Ryan Walter of the Auburn Public Works Department maneuvers his boom truck into position May 24 at Festival Plaza. He and several others were installing the colorful canopies for what may be the last time. The city is planning a major redesign and development of the area in the coming year. Russ Dillingham/Sun Journal

AUBURN — The city is growing and the numbers point to a potentially significant growth pattern in the future, Mayor Jason Levesque told those at the LA Metro Chamber of Commerce breakfast Thursday at the Hilton Garden Inn.

As of this year, the city’s population stands at about 25,000, according to the U.S. Census Bureau. Based on census data of an average three individuals per dwelling unit, and with roughly 2,500 units either permitted, being built or in the preliminary discussion phase, the mayor said he feels confident that 1,600 will be built and occupied by 2025, bringing the city’s population to about 30,000.

Levesque added that 351 units were permitted in May alone.

The focus is on market rate homes the mayor explained. “And currently all development over the past three years — and the ones in discussion — are a mix of market rate apartments, single family, owner-occupied duplexes and triplexes and 55-plus condos.”

“If we can carry that momentum,” Levesque said, “which I think we will easily based on location, space available and opportunities, then by 2030 we will hit 35,000.”

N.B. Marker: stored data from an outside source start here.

(* Let $M$ be a complete pointed metric space and let $\varphi_1,\dots,\varphi_n$ be non-negative Lipschitz functions on $M$ with bounded support such that $\varphi_1+\cdots+\varphi_n=1$ on $M$. Suppose $A_1,\dots,A_n$ are subsets of $M$ each containing the base point, with $\mathrm{supp}(\varphi_k)\subset A_k$ for all $k$. Then $\mathcal{F}(M)$ is isomorphic to a complemented subspace of $\mathcal{F}(A_1)\oplus\cdots\oplus\mathcal{F}(A_n)$.
   Context: For a pointed metric space $(M,d)$ with base point $0$, ${\mathrm{Lip}}_0(M)$ is the Banach space of Lipschitz $f:M\to\mathbb{R}$ with $f(0)=0$, normed by the Lipschitz constant. The Lipschitz-free space $\mathcal{F}(M)$ is the closed linear span in ${\mathrm{Lip}}_0(M)^*$ of the evaluation functionals $\delta(x)$, $x\in M$. For a subset $A\subseteq M$ containing the base point, $\mathcal{F}(A)$ (with the restricted metric) is identified isometrically with the closed linear span of $\delta(A)$ in $\mathcal{F}(M)$. The direct sum is any finite direct sum of Banach spaces (all such norms are equivalent). *)

theory Defs
  imports "HOL-Analysis.Analysis"
begin

text \<open>Pointed metric space: carrier M, metric d, base point p (all explicit).
  Lipschitz functions are represented as functions on the ambient type,
  normalised to vanish outside M.\<close>

definition lip_on :: "'a set \<Rightarrow> ('a \<Rightarrow> 'a \<Rightarrow> real) \<Rightarrow> real \<Rightarrow> ('a \<Rightarrow> real) \<Rightarrow> bool" where
  "lip_on M d L f \<longleftrightarrow> L \<ge> 0 \<and> (\<forall>x\<in>M. \<forall>y\<in>M. \<bar>f x - f y\<bar> \<le> L * d x y)"

definition lipnorm :: "'a set \<Rightarrow> ('a \<Rightarrow> 'a \<Rightarrow> real) \<Rightarrow> ('a \<Rightarrow> real) \<Rightarrow> real" where
  "lipnorm M d f = Inf {L. lip_on M d L f}"

definition Lip0 :: "'a set \<Rightarrow> ('a \<Rightarrow> 'a \<Rightarrow> real) \<Rightarrow> 'a \<Rightarrow> ('a \<Rightarrow> real) set" where
  "Lip0 M d p = {f. (\<exists>L. lip_on M d L f) \<and> f p = 0 \<and> (\<forall>x. x \<notin> M \<longrightarrow> f x = 0)}"

definition Lip0_dual :: "'a set \<Rightarrow> ('a \<Rightarrow> 'a \<Rightarrow> real) \<Rightarrow> 'a \<Rightarrow> (('a \<Rightarrow> real) \<Rightarrow> real) set" where
  "Lip0_dual M d p = {\<phi>.
     (\<forall>f\<in>Lip0 M d p. \<forall>g\<in>Lip0 M d p. \<phi> (\<lambda>x. f x + g x) = \<phi> f + \<phi> g) \<and>
     (\<forall>f\<in>Lip0 M d p. \<forall>c. \<phi> (\<lambda>x. c * f x) = c * \<phi> f) \<and>
     (\<exists>C. \<forall>f\<in>Lip0 M d p. \<bar>\<phi> f\<bar> \<le> C * lipnorm M d f) \<and>
     (\<forall>f. f \<notin> Lip0 M d p \<longrightarrow> \<phi> f = 0)}"

definition dual_norm :: "'a set \<Rightarrow> ('a \<Rightarrow> 'a \<Rightarrow> real) \<Rightarrow> 'a \<Rightarrow> (('a \<Rightarrow> real) \<Rightarrow> real) \<Rightarrow> real" where
  "dual_norm M d p \<phi> = Sup {\<bar>\<phi> f\<bar> | f. f \<in> Lip0 M d p \<and> lipnorm M d f \<le> 1}"

definition delta :: "'a set \<Rightarrow> ('a \<Rightarrow> 'a \<Rightarrow> real) \<Rightarrow> 'a \<Rightarrow> 'a \<Rightarrow> (('a \<Rightarrow> real) \<Rightarrow> real)" where
  "delta M d p x = (\<lambda>f. if f \<in> Lip0 M d p then f x else 0)"

text \<open>Free M d p A: the closed linear span of delta(A) in Lip_0(M)^*.
  For A = M this is F(M); for p \<in> A \<subseteq> M it is the standard isometric copy of F(A)
  inside F(M).\<close>
definition Free :: "'a set \<Rightarrow> ('a \<Rightarrow> 'a \<Rightarrow> real) \<Rightarrow> 'a \<Rightarrow> 'a set \<Rightarrow> (('a \<Rightarrow> real) \<Rightarrow> real) set" where
  "Free M d p A = {\<phi> \<in> Lip0_dual M d p. \<forall>\<epsilon>>0. \<exists>F c. finite F \<and> F \<subseteq> A \<and>
      dual_norm M d p (\<lambda>f. \<phi> f - (\<Sum>x\<in>F. c x * delta M d p x f)) < \<epsilon>}"

definition DSum :: "'a set \<Rightarrow> ('a \<Rightarrow> 'a \<Rightarrow> real) \<Rightarrow> 'a \<Rightarrow> nat \<Rightarrow> (nat \<Rightarrow> 'a set)
    \<Rightarrow> (nat \<Rightarrow> (('a \<Rightarrow> real) \<Rightarrow> real)) set" where
  "DSum M d p n A = {\<mu>. (\<forall>k<n. \<mu> k \<in> Free M d p (A k)) \<and> (\<forall>k\<ge>n. \<mu> k = (\<lambda>f. 0))}"

definition dsum_norm :: "'a set \<Rightarrow> ('a \<Rightarrow> 'a \<Rightarrow> real) \<Rightarrow> 'a \<Rightarrow> nat
    \<Rightarrow> (nat \<Rightarrow> (('a \<Rightarrow> real) \<Rightarrow> real)) \<Rightarrow> real" where
  "dsum_norm M d p n \<mu> = (\<Sum>k<n. dual_norm M d p (\<mu> k))"

definition fadd :: "('b \<Rightarrow> real) \<Rightarrow> ('b \<Rightarrow> real) \<Rightarrow> ('b \<Rightarrow> real)" where
  "fadd \<phi> \<psi> = (\<lambda>f. \<phi> f + \<psi> f)"
definition fscale :: "real \<Rightarrow> ('b \<Rightarrow> real) \<Rightarrow> ('b \<Rightarrow> real)" where
  "fscale c \<phi> = (\<lambda>f. c * \<phi> f)"
definition sadd :: "(nat \<Rightarrow> 'b \<Rightarrow> real) \<Rightarrow> (nat \<Rightarrow> 'b \<Rightarrow> real) \<Rightarrow> (nat \<Rightarrow> 'b \<Rightarrow> real)" where
  "sadd \<mu> \<nu> = (\<lambda>k. fadd (\<mu> k) (\<nu> k))"
definition sscale :: "real \<Rightarrow> (nat \<Rightarrow> 'b \<Rightarrow> real) \<Rightarrow> (nat \<Rightarrow> 'b \<Rightarrow> real)" where
  "sscale c \<mu> = (\<lambda>k. fscale c (\<mu> k))"

definition bounded_linear_between ::
  "'x set \<Rightarrow> ('x \<Rightarrow> 'x \<Rightarrow> 'x) \<Rightarrow> (real \<Rightarrow> 'x \<Rightarrow> 'x) \<Rightarrow> ('x \<Rightarrow> real) \<Rightarrow>
   'y set \<Rightarrow> ('y \<Rightarrow> 'y \<Rightarrow> 'y) \<Rightarrow> (real \<Rightarrow> 'y \<Rightarrow> 'y) \<Rightarrow> ('y \<Rightarrow> real) \<Rightarrow> ('x \<Rightarrow> 'y) \<Rightarrow> bool" where
  "bounded_linear_between X addX scX nX Y addY scY nY T \<longleftrightarrow>
     T ` X \<subseteq> Y \<and>
     (\<forall>x\<in>X. \<forall>y\<in>X. T (addX x y) = addY (T x) (T y)) \<and>
     (\<forall>c. \<forall>x\<in>X. T (scX c x) = scY c (T x)) \<and>
     (\<exists>C. \<forall>x\<in>X. nY (T x) \<le> C * nX x)"

definition Free_iso_complemented_in_sum ::
  "'a set \<Rightarrow> ('a \<Rightarrow> 'a \<Rightarrow> real) \<Rightarrow> 'a \<Rightarrow> nat \<Rightarrow> (nat \<Rightarrow> 'a set) \<Rightarrow> bool" where
  "Free_iso_complemented_in_sum M d p n A \<longleftrightarrow>
    (let X = Free M d p M; nX = dual_norm M d p;
         Y = DSum M d p n A; nY = dsum_norm M d p n in
     \<exists>Q T S.
       bounded_linear_between Y sadd sscale nY Y sadd sscale nY Q \<and>
       (\<forall>y\<in>Y. Q (Q y) = Q y) \<and>
       bounded_linear_between X fadd fscale nX (Q ` Y) sadd sscale nY T \<and>
       bounded_linear_between (Q ` Y) sadd sscale nY X fadd fscale nX S \<and>
       (\<forall>x\<in>X. S (T x) = x) \<and> (\<forall>z\<in>Q ` Y. T (S z) = z))"

end

theory Submission
  imports Defs
begin

text \<open>
  Multiplication by a Lipschitz function \<open>\<phi>\<close> of bounded support maps \<open>Lip\<^sub>0(M)\<close> boundedly into
  itself, with norm at most \<open>\<parallel>\<phi>\<parallel>\<^sub>\<infinity> + R\<cdot>Lip(\<phi>)\<close> when the support lies in the ball of radius \<open>R\<close>
  about the base point, because \<open>\<bar>f x\<bar> \<le> Lip(f) d(p,x)\<close>. Its adjoint \<open>T\<^sub>\<phi>\<close> is bounded on
  \<open>Lip\<^sub>0(M)\<^sup>*\<close> and sends \<open>\<delta>(x)\<close> to \<open>\<phi>(x)\<delta>(x)\<close>, so it maps \<open>\<F>(M)\<close> into \<open>\<F>(A)\<close> whenever
  \<open>supp \<phi> \<subseteq> A\<close>. For a partition of unity \<open>\<phi>\<^sub>1 + \<dots> + \<phi>\<^sub>n = 1\<close> the map
  \<open>T\<mu> = (T\<^sub>\<phi>\<^sub>1\<mu>, \<dots>, T\<^sub>\<phi>\<^sub>n\<mu>)\<close> into \<open>\<F>(A\<^sub>1) \<oplus> \<dots> \<oplus> \<F>(A\<^sub>n)\<close> has the bounded left inverse
  \<open>S(\<nu>\<^sub>1, \<dots>, \<nu>\<^sub>n) = \<nu>\<^sub>1 + \<dots> + \<nu>\<^sub>n\<close>, so \<open>T\<close> is an isomorphism onto the range of the
  projection \<open>T \<circ> S\<close>.
\<close>

lemma bounded_linear_between_subset:
  assumes "bounded_linear_between X addX scX nX Y addY scY nY f"
    and "X' \<subseteq> X" and "f ` X' \<subseteq> Y'"
  shows "bounded_linear_between X' addX scX nX Y' addY scY nY f"
  using assms unfolding bounded_linear_between_def by (meson subsetD)

lemma bounded_linear_between_comp:
  assumes f: "bounded_linear_between X addX scX nX Y addY scY nY f"
    and g: "bounded_linear_between Y addY scY nY Z addZ scZ nZ g"
    and nY_nonneg: "\<forall>y\<in>Y. 0 \<le> nY y"
  shows "bounded_linear_between X addX scX nX Z addZ scZ nZ (g \<circ> f)"
proof -
  obtain Cf where Cf: "\<forall>x\<in>X. nY (f x) \<le> Cf * nX x"
    using f unfolding bounded_linear_between_def by blast
  obtain Cg where Cg: "\<forall>y\<in>Y. nZ (g y) \<le> Cg * nY y"
    using g unfolding bounded_linear_between_def by blast
  have fX: "f ` X \<subseteq> Y" using f unfolding bounded_linear_between_def by blast
  have "nZ (g (f x)) \<le> (max 0 Cg * Cf) * nX x" if "x \<in> X" for x
  proof -
    have "nZ (g (f x)) \<le> max 0 Cg * nY (f x)"
      using Cg fX that nY_nonneg by (meson image_subset_iff max.cobounded2 mult_right_mono order_trans)
    also have "\<dots> \<le> max 0 Cg * (Cf * nX x)"
      using Cf that by (simp add: mult_left_mono)
    finally show ?thesis by (simp add: mult.assoc)
  qed
  then show ?thesis
    using f g unfolding bounded_linear_between_def by (auto simp: image_subset_iff)
qed
lemma bounded_by_ext_deriv2_term:
  "bounded_by S (\<lambda>p. sqrt (\<phi> p)) (\<lambda>p. ext_deriv2 g (\<phi> p) * dir_deriv \<phi> w p * dphi_A v p)"
proof -
  have "bounded_by S (\<lambda>p. sqrt (\<phi> p) * sqrt (\<phi> p) * sqrt (\<phi> p))
      (\<lambda>p. dir_deriv \<phi> w p * dir_deriv \<phi> v p * A p)"
    by (intro bounded_by_mult bounded_by_sqrt_phi in_ideal_dir_deriv_phi in_ideal_A)
  then obtain C where C: "\<forall>p\<in>S. \<bar>dir_deriv \<phi> w p * dphi_A v p\<bar> \<le> C * (\<phi> p * sqrt (\<phi> p))"
    unfolding bounded_by_def dphi_A_def by (metis sqrt_phi_square mult.assoc)
  obtain K where K: "\<forall>y\<le>R. \<bar>ext_deriv2 g y\<bar> * y \<le> K" using ext_deriv2_mult_bounded by blast
  show ?thesis
  proof (rule bounded_byI[where C="\<bar>K\<bar> * \<bar>C\<bar>"])
    fix p assume p: "p \<in> S"
    show "0 \<le> sqrt (\<phi> p)" by (simp add: phi_nonneg)
    show "\<bar>ext_deriv2 g (\<phi> p) * dir_deriv \<phi> w p * dphi_A v p\<bar> \<le> \<bar>K\<bar> * \<bar>C\<bar> * sqrt (\<phi> p)"
      using abs_ext_deriv2_mult_le[OF K phi_nonneg bspec[OF phi_le_R p] bspec[OF C p]]
      by (simp add: mult.assoc)
  qed
qed

lemma bounded_by_gA_deriv2: "bounded_by S (\<lambda>p. sqrt (\<phi> p)) (gA_deriv2 v w)"
proof -
  have 2: "bounded_by S (\<lambda>p. 1 * sqrt (\<phi> p)) (\<lambda>p. ext_deriv g (\<phi> p) * dir_deriv (dphi_A v) w p)"
    by (rule bounded_by_mult[OF bounded_by_ext_deriv_phi bounded_by_sqrt_phi[OF in_ideal_dir_deriv_dphi_A]])
  have 3: "bounded_by S (\<lambda>p. sqrt (\<phi> p) * 1)
      (\<lambda>p. ext_deriv g (\<phi> p) * dir_deriv \<phi> w p * dir_deriv A v p)"
    by (rule bounded_by_mult[OF bounded_by_ext_deriv_dir_deriv bounded_by_1[OF edge_poly_dir_deriv[OF edge_poly_A]]])
  have 4: "bounded_by S (\<lambda>p. sqrt (\<phi> p) * 1) (\<lambda>p. g (\<phi> p) * dir_deriv (dir_deriv A v) w p)"
    by (rule bounded_by_mult[OF bounded_by_g_phi_sqrt
          bounded_by_1[OF edge_poly_dir_deriv[OF edge_poly_dir_deriv[OF edge_poly_A]]]])
  show ?thesis unfolding gA_deriv2_def[abs_def]
    using 2 3 4 by (intro bounded_by_add bounded_by_ext_deriv2_term) auto
qed

end

end

section \<open>The potential of a graph\<close>

lemma power2_norm_eq_sum_axis: "(norm (x::real^'n))\<^sup>2 = (\<Sum>k\<in>UNIV. (x \<bullet> axis k 1)\<^sup>2)"
proof -
  have "(norm x)\<^sup>2 = (\<Sum>k\<in>UNIV. x $ k * x $ k)" by (simp add: power2_norm_eq_inner inner_vec_def)
  then show ?thesis unfolding inner_axis by (simp add: power2_eq_square)
qed

lemma edge_term_doubleton:
  assumes "a \<noteq> c"
  shows "edge_term d p {a, c} = ((norm (p$c - p$a))\<^sup>2 - (d {a, c})\<^sup>2)\<^sup>2"
proof -
  define i where "i = (SOME i. i \<in> {a, c})"
  define j where "j = (SOME j. j \<in> {a, c} \<and> j \<noteq> i)"
  have i: "i \<in> {a, c}" unfolding i_def by (rule someI[of _ a]) simp
  have "\<exists>j. j \<in> {a, c} \<and> j \<noteq> i" using assms i by auto
  then have j: "j \<in> {a, c} \<and> j \<noteq> i" unfolding j_def by (rule someI_ex)
  have "(i = a \<and> j = c) \<or> (i = c \<and> j = a)" using i j by auto
  then have "norm (p$j - p$i) = norm (p$c - p$a)" by (auto simp: norm_minus_commute)
  then show ?thesis unfolding edge_term_def Let_def i_def[symmetric] j_def[symmetric] by simp
qed

lemma edge_term_nonneg: "edge_term d p e \<ge> 0"
  unfolding edge_term_def Let_def by simp

locale graph =
  fixes E :: "'v::finite set set" and d :: "'v set \<Rightarrow> real"
  assumes card_edge: "\<forall>e\<in>E. card e = 2"
begin

definition nbrs where "nbrs i = {j. {i, j} \<in> E}"

definition edge_defect :: "'v \<Rightarrow> 'v \<Rightarrow> real^'n::finite^'v \<Rightarrow> real" where
  "edge_defect i j p = (norm (p$j - p$i))\<^sup>2 - (d {i, j})\<^sup>2"

lemma edge_doubleton: "e \<in> E \<Longrightarrow> \<exists>a c. a \<noteq> c \<and> e = {a, c}"
  using card_edge card_2_iff by metis

lemma nbrs_neq: "j \<in> nbrs i \<Longrightarrow> j \<noteq> i"
  using card_edge unfolding nbrs_def by force

lemma edge_poly_edge_defect: "{i, j} \<in> E \<Longrightarrow> edge_poly E (edge_defect i j)"
proof -
  assume ij: "{i, j} \<in> E"
  have "edge_poly E (\<lambda>p::real^'n^'v. (\<Sum>k\<in>UNIV. ((p$j - p$i) \<bullet> axis k 1)\<^sup>2) - (d {i, j})\<^sup>2)"
    by (intro edge_poly_diff edge_poly_sum edge_poly_power2 edge_poly.edge[OF ij] edge_poly.const) auto
  then show ?thesis unfolding edge_defect_def[abs_def] power2_norm_eq_sum_axis .
qed

lemma sum_of_squares_psi_i: "sum_of_squares E (nbrs i) (edge_defect i) (psi_i E d i)"
  by unfold_locales (auto simp: nbrs_def psi_i_def edge_defect_def intro: edge_poly_edge_defect)

lemma edge_poly_edge_term: "e \<in> E \<Longrightarrow> edge_poly E (\<lambda>p::real^'n^'v. edge_term d p e)"
proof -
  assume e: "e \<in> E"
  then obtain a c where ac: "a \<noteq> c" "e = {a, c}" using edge_doubleton by blast
  have "edge_poly E (\<lambda>p::real^'n^'v. (edge_defect a c p)\<^sup>2)"
    using edge_poly_edge_defect e ac by (intro edge_poly_power2) auto
  then show ?thesis using ac by (simp add: edge_term_doubleton edge_defect_def)
qed
(* Fix a single institution with category capacities $q=(q^{o},q^{SC},q^{ST},q^{OBC},q^{EWS})$ of nonnegative integers, a finite set of individuals $\mathcal{I}$ with category memberships $t:\mathcal{I}\to\mathcal{R}\cup\{GC\}$ where $\mathcal{R}=\{SC,ST,OBC,EWS\}$, and a strict merit ranking $\succ$ (a linear order) over $\mathcal{I}$. A (category-assigning) choice rule $C$ satisfies within-category fairness, the over-and-above principle, and quota-filling subject to eligibility (all defined in the context) at every set of applicants $A\subseteq\mathcal{I}$ if and only if $C$ is the over-and-above choice rule $C^{OA}$, i.e. $C^{c}(A)=C^{OA,c}(A)$ for every $A\subseteq\mathcal{I}$ and every category $c\in\{o\}\cup\mathcal{R}$.
   Context: Categories of positions are $\mathcal{C}=\{o\}\cup\mathcal{R}$, where $o$ is the open category. Individuals with $t_i=GC$ (general category) are eligible only for open-category positions; an individual with $t_i=r\in\mathcal{R}$ is eligible for open-category positions and for category-$r$ positions. For $A\subseteq\mathcal{I}$ and $r\in\mathcal{R}$ let $A^{r}=\{i\in A: t_i=r\}$, and let $rank_A(i)=k$ iff $|\{j\in A: j\succ i\}|=k-1$. A choice rule $C$ assigns to each $A\subseteq\mathcal{I}$ pairwise disjoint sets $C^{o}(A),C^{SC}(A),C^{ST}(A),C^{OBC}(A),C^{EWS}(A)\subseteq A$ with $|C^{o}(A)|\le q^{o}$, and for each $r\in\mathcal{R}$, $C^{r}(A)\subseteq A^{r}$ and $|C^{r}(A)|\le q^{r}$; the chosen set is $C(A)=\bigcup_{c\in\mathcal{C}}C^{c}(A)$. An individual is "assigned a position" if she is in $C(A)$, and "assigned to a category-$c$ position" if she is in $C^{c}(A)$. Axioms (for a given $A$): Over-and-above principle: every $i\in A$ with $rank_A(i)\le q^{o}$ is in $C^{o}(A)$. Within-category fairness: for $i,j\in A$ with $t_i=t_j$ and $i\succ j$, if $j\in C(A)$ then $i\in C(A)$. Quota-filling subject to eligibility: for every $r\in\mathcal{R}$, if some $i\in A$ with $t_i=r$ is not in $C(A)$, then $|C^{r}(A)|=q^{r}$. Over-and-above choice rule $C^{OA}$: Stage 1: $C^{OA,o}(A)$ is the set of the $\min(q^{o},|A|)$ highest-ranked individuals of $A$ under $\succ$. Stage 2: with $A'=A\setminus C^{OA,o}(A)$, for each $r\in\mathcal{R}$, $C^{OA,r}(A)$ is the set of the $\min(q^{r},|A'^{r}|)$ highest-ranked individuals of $A'^{r}=\{i\in A': t_i=r\}$ under $\succ$. Then $C^{OA}(A)=C^{OA,o}(A)\cup\bigcup_{r\in\mathcal{R}}C^{OA,r}(A)$. *)

theory Defs
  imports Main
begin

datatype rcat = SC | ST | OBC | EWS

datatype itype = GC | Res rcat

datatype category = Open | RC rcat

text \<open>Merit ranking: a strict linear order R on the individuals; (j,i) \<in> R means j \<succ> i.
  A choice rule: C A c is the set of individuals in A assigned to category-c positions.\<close>

definition rank :: "('i \<times> 'i) set \<Rightarrow> 'i set \<Rightarrow> 'i \<Rightarrow> nat" where
  "rank R A i = card {j \<in> A. (j, i) \<in> R} + 1"

definition of_type :: "('i \<Rightarrow> itype) \<Rightarrow> 'i set \<Rightarrow> rcat \<Rightarrow> 'i set" where
  "of_type t A r = {i \<in> A. t i = Res r}"

definition chosen :: "('i set \<Rightarrow> category \<Rightarrow> 'i set) \<Rightarrow> 'i set \<Rightarrow> 'i set" where
  "chosen C A = (\<Union>c. C A c)"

Assuming Bangor’s population does not increase at a similar rate, Auburn could become the state’s third largest city, and potentially the second largest, surpassing Lewiston. Bangor’s population declined 1.88% between 2010 and 2020, according to U.S. Census Bureau figures.


Maine has among the lowest birth rates in the nation, trailing only neighbors Vermont and New Hampshire, according to the U.S. Census Bureau estimates and the Centers for Disease Control and Prevention figures. Yet, net migration was just over 16,000 in 2021, the third highest in the country. Net migration refers to the difference between the number of people moving into an area and the number moving out of an area.

Since 2012 the state has seen an increase of about 50,000 people in the state, according to state figures. At the same time the state saw a decline in workforce participation by 20,000 people. Some moved out of state, some retired, some went back to school and some just gave up looking for work.

Auburn Mayor Jason Levesque speaks Thursday at the LA Metro Chamber of Commerce breakfast at the Hilton Garden Inn in Auburn. Christopher Wheelock/Sun Journal

Levesque said Auburn has embraced a policy of intrinsic growth for over 50 years — hoping the birth rate will exceed the death rate. It’s a practice that he says does not work. The alternative, Levesque said, is to focus on in-migration growth, which is getting more people to live in Auburn.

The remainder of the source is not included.